Typing frequencies are actually useful for improving the Gboard

experience in a few ways.

If someone has typed the letters H-I, "hi"

is much, much more likely than "hieroglyphic."

And so knowing those relative word frequencies

allows the Gboard team to make the product better.

How would we be compute these relative typing frequencies

as a federated computation?

Instead of the engineers specifying a single threshold.

Now, what they would be specifying

is something like a snippet of code

that's going to be running on each edge device.

And in practice, that will often be something that's actually

in TensorFlow, but for here, I've

written it as Python X pseudocode.

So think of that device data as each device's record

of what was typed in recent sessions on the phone.

So for each word in that device data,

if the word is in one of the common words we're

trying to count, we'll increase its count

when the local device updates.

That little program is what would be shipped to the edge

and run locally to compute a little map that

says that perhaps this phone typed the word "hello" 18 times

and "world" 0 times.

That update would then be encoded as a vector.

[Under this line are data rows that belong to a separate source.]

definition homogeneous_PPP :: "'w measure \<Rightarrow> ('w \<Rightarrow> (real \<times> real) set) \<Rightarrow> bool" where
  "homogeneous_PPP M P \<longleftrightarrow>
     prob_space M \<and>
     (\<forall>\<omega>\<in>space M. \<forall>B. bounded B \<longrightarrow> finite (P \<omega> \<inter> B)) \<and>
     (\<forall>B\<in>sets lborel. bounded B \<longrightarrow>
        (\<lambda>\<omega>. card (P \<omega> \<inter> B)) \<in> measurable M (count_space UNIV) \<and>
        (\<forall>k::nat. measure M {\<omega>\<in>space M. card (P \<omega> \<inter> B) = k}
                   = measure lborel B ^ k / fact k * exp (- measure lborel B))) \<and>
     (\<forall>(Bs :: nat \<Rightarrow> (real \<times> real) set) n.
        (\<forall>i<n. Bs i \<in> sets lborel \<and> bounded (Bs i)) \<and> disjoint_family_on Bs {..<n} \<longrightarrow>
        prob_space.indep_vars M (\<lambda>_. count_space UNIV) (\<lambda>i \<omega>. card (P \<omega> \<inter> Bs i)) {..<n})"

definition acute_triangle :: "real \<times> real \<Rightarrow> real \<times> real \<Rightarrow> real \<times> real \<Rightarrow> bool" where
  "acute_triangle A B C \<longleftrightarrow>
     (B - A) \<bullet> (C - A) > 0 \<and> (A - B) \<bullet> (C - B) > 0 \<and> (A - C) \<bullet> (B - C) > 0"

end

theory Submission
  imports Defs
begin

text \<open>The point \<open>C\<close> of the process nearest to the origin has density \<open>exp (- pi * |c|\<^sup>2)\<close>.
  For a Borel set \<open>S\<close> inside a thin annulus \<open>a \<le> |c| < b\<close> this follows from the counting
  laws by a squeeze: \<open>C\<close> lies in \<open>S\<close> only if \<open>S\<close> is hit while the open disc of radius \<open>a\<close>
  is empty, an event of probability at most \<open>exp (- pi * a\<^sup>2) * |S|\<close>; and \<open>C\<close> does lie in
  \<open>S\<close> if \<open>S\<close> holds exactly one point and the rest of the closed disc of radius \<open>b\<close> none,
  an event of probability \<open>exp (- pi * b\<^sup>2) * |S|\<close>. Cutting \<open>S\<close> into \<open>n\<close> annular slices
  identifies the law of \<open>C\<close> up to an error \<open>O(1/n)\<close>, and monotone convergence extends
  this to unbounded \<open>S\<close>. The density factors as \<open>\<phi>(x) \<phi>(y)\<close> with \<open>\<phi>\<close> the centred
  normal density of variance \<open>1/(2 pi)\<close>, and \<open>ABC\<close> is acute exactly when
  \<open>|x| < 1/2 < |C|\<close>. So the probability is the normal mass \<open>1 - erfc (sqrt pi / 2)\<close>
  of the strip \<open>|x| < 1/2\<close> minus the mass \<open>1 - exp (- pi / 4)\<close> of the disc of radius \<open>1/2\<close>.\<close>

lemma exp_minus_diff_bounds:
  fixes x y :: real
  assumes "x \<le> y"
  shows "exp (- y) * (y - x) \<le> exp (- x) - exp (- y)"
    and "exp (- x) - exp (- y) \<le> exp (- x) * (y - x)"
proof -
  have "y - x \<le> exp (y - x) - 1"
    using exp_ge_add_one_self[of "y - x"] by linarith
  then have "exp (- y) * (y - x) \<le> exp (- y) * (exp (y - x) - 1)"
    by (rule mult_left_mono) simp
  then show "exp (- y) * (y - x) \<le> exp (- x) - exp (- y)"
    by (simp add: algebra_simps flip: exp_add)
  have "1 - exp (x - y) \<le> y - x"
    using exp_ge_add_one_self[of "x - y"] by linarith
  then have "exp (- x) * (1 - exp (x - y)) \<le> exp (- x) * (y - x)"
    by (rule mult_left_mono) simp
  then show "exp (- x) - exp (- y) \<le> exp (- x) * (y - x)"
    by (simp add: algebra_simps flip: exp_add)
qed
fun gate_tree :: "nat \<Rightarrow> (nat \<Rightarrow> 'a::comm_ring_1) \<Rightarrow> 'a" where
  "gate_tree 0 v = v 0"
| "gate_tree (Suc t) v =
     tri_gate (gate_tree t v) (gate_tree t (\<lambda>i. v (3^t + i))) (gate_tree t (\<lambda>i. v (2 * 3^t + i)))"

lemma gate_tree_01: "(\<And>i. i < 3^t \<Longrightarrow> v i \<in> {0, 1}) \<Longrightarrow> gate_tree t v \<in> {0, 1}"
proof (induction t arbitrary: v)
  case (Suc t)
  show ?case
    unfolding gate_tree.simps by (intro tri_gate_01 Suc.IH Suc.prems) auto
qed simp

lemma gate_tree_one: "(\<And>i. i < 3^t \<Longrightarrow> v i = 1) \<Longrightarrow> gate_tree t v = 1"
proof (induction t arbitrary: v)
  case (Suc t)
  have "gate_tree t v = 1" "gate_tree t (\<lambda>i. v (3^t + i)) = 1" "gate_tree t (\<lambda>i. v (2 * 3^t + i)) = 1"
    by (intro Suc.IH Suc.prems; simp)+
  then show ?case by (simp add: tri_gate_def)
qed simp

lemma gate_tree_zero:
  assumes "i0 < 3^t" "v i0 = 0" "\<And>i. i < 3^t \<Longrightarrow> i \<noteq> i0 \<Longrightarrow> v i = 1"
  shows "gate_tree t v = 0"
  using assms
proof (induction t arbitrary: v i0)
  case (Suc t)
  let ?u = "\<lambda>c i. v (c * 3^t + i)"
  have split: "gate_tree (Suc t) v = tri_gate (gate_tree t (?u 0)) (gate_tree t (?u 1)) (gate_tree t (?u 2))"
    by simp
  have one: "gate_tree t (?u c) = 1" if "c < 3" "\<not> (c * 3^t \<le> i0 \<and> i0 < Suc c * 3^t)" for c
    by (rule gate_tree_one, rule Suc.prems(3)) (use that mult_power_add_less in auto)
  have zero: "gate_tree t (?u c) = 0" if "c * 3^t \<le> i0" "i0 < Suc c * 3^t" for c
  proof (rule Suc.IH)
    show "i0 - c * 3^t < 3^t" "?u c (i0 - c * 3^t) = 0"
      using that Suc.prems(2) by auto
    have "c < 3"
      using le_less_trans[OF that(1) Suc.prems(1)] by simp
    then show "?u c i = 1" if "i < 3^t" "i \<noteq> i0 - c * 3^t" for i
      using that \<open>c * 3^t \<le> i0\<close> by (intro Suc.prems(3) mult_power_add_less) auto
  qed
  consider "i0 < 3^t" | "3^t \<le> i0" "i0 < 2 * 3^t" | "2 * 3^t \<le> i0"
    by linarith
  then show ?case
  proof cases
    case 1
    then show ?thesis
      unfolding split using zero[of 0] one[of 1] one[of 2] by (simp add: tri_gate_def)
  next
    case 2
    then show ?thesis
      unfolding split using zero[of 1] one[of 0] one[of 2] by (simp add: tri_gate_def)
  next
    case 3
    then show ?thesis
      unfolding split using zero[of 2] one[of 0] one[of 1] Suc.prems(1) by (simp add: tri_gate_def)
  qed
qed simp

fun gate_tree_size :: "nat \<Rightarrow> nat \<Rightarrow> nat" where
  "gate_tree_size D 0 = D"
| "gate_tree_size D (Suc t) = 7 * (gate_tree_size D t)\<^sup>2"

lemma gate_tree_size_pos: "1 \<le> D \<Longrightarrow> 1 \<le> gate_tree_size D t"
  by (induction t) (auto simp: power2_eq_square)

lemma gate_tree_size_le: "7 * gate_tree_size D t \<le> (7 * D) ^ 2 ^ t"
proof (induction t)
  case (Suc t)
  have "7 * gate_tree_size D (Suc t) = (7 * gate_tree_size D t)\<^sup>2"
    by (simp add: power2_eq_square)
  also have "\<dots> \<le> ((7 * D) ^ 2 ^ t)\<^sup>2"
    using Suc.IH by (rule power_mono) simp
  also have "\<dots> = (7 * D) ^ (2 ^ t * 2)"
    by (rule power_mult[symmetric])
  finally show ?case
    by (simp add: mult.commute)
qed simp

lemma shift_representable_gate_tree:
  assumes "\<And>i. i < 3^t \<Longrightarrow> shift_representable D (\<lambda>m. v m i)" "1 \<le> D"
  shows "shift_representable (gate_tree_size D t) (\<lambda>m. gate_tree t (v m))"
  using assms(1)
proof (induction t arbitrary: v)
  case (Suc t)
  have "shift_representable (gate_tree_size D t) (\<lambda>m. gate_tree t (\<lambda>i. v m (c * 3^t + i)))"
    if "c < 3" for c
    by (intro Suc.IH Suc.prems mult_power_add_less that)
  from this[of 0] this[of 1] this[of 2] show ?case
    using gate_tree_size_pos[OF assms(2)] by (simp add: shift_representable_tri_gate)
qed simp

section \<open>Unary weighted automata\<close>

lemma wa_mat_replicate_Suc:
  "wa_mat n M (replicate (Suc m) a) = M a * wa_mat n M (replicate m a)"
  by (simp add: wa_mat_def)

lemma wa_mat_replicate_carrier:
  "M a \<in> carrier_mat n n \<Longrightarrow> wa_mat n M (replicate m a) \<in> carrier_mat n n"
  by (induction m) (auto simp: wa_mat_def)

lemma replicate_in_lists: "replicate m a \<in> lists {a}"
  by (induction m) auto

definition shift_matrix :: "nat \<Rightarrow> (nat \<Rightarrow> nat \<Rightarrow> rat) \<Rightarrow> rat mat" where
  "shift_matrix n e = mat n n (\<lambda>(j, l). of_bool (e l = (\<lambda>m. e j (Suc m))))"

Here, the first element of the vector

would represent the count for "hello"

and the second one for the count for "world,"

which would then be combined and summed

using the federated aggregation operators that Emily mentioned

before.

At the server, the engineer would see the counts

from all the devices that have participated in that round,

not from any single device, which

brings up a third privacy principle

of focused collection.

Devices report only what is needed

for this specific computation.

There's a lot more richness in the on-device data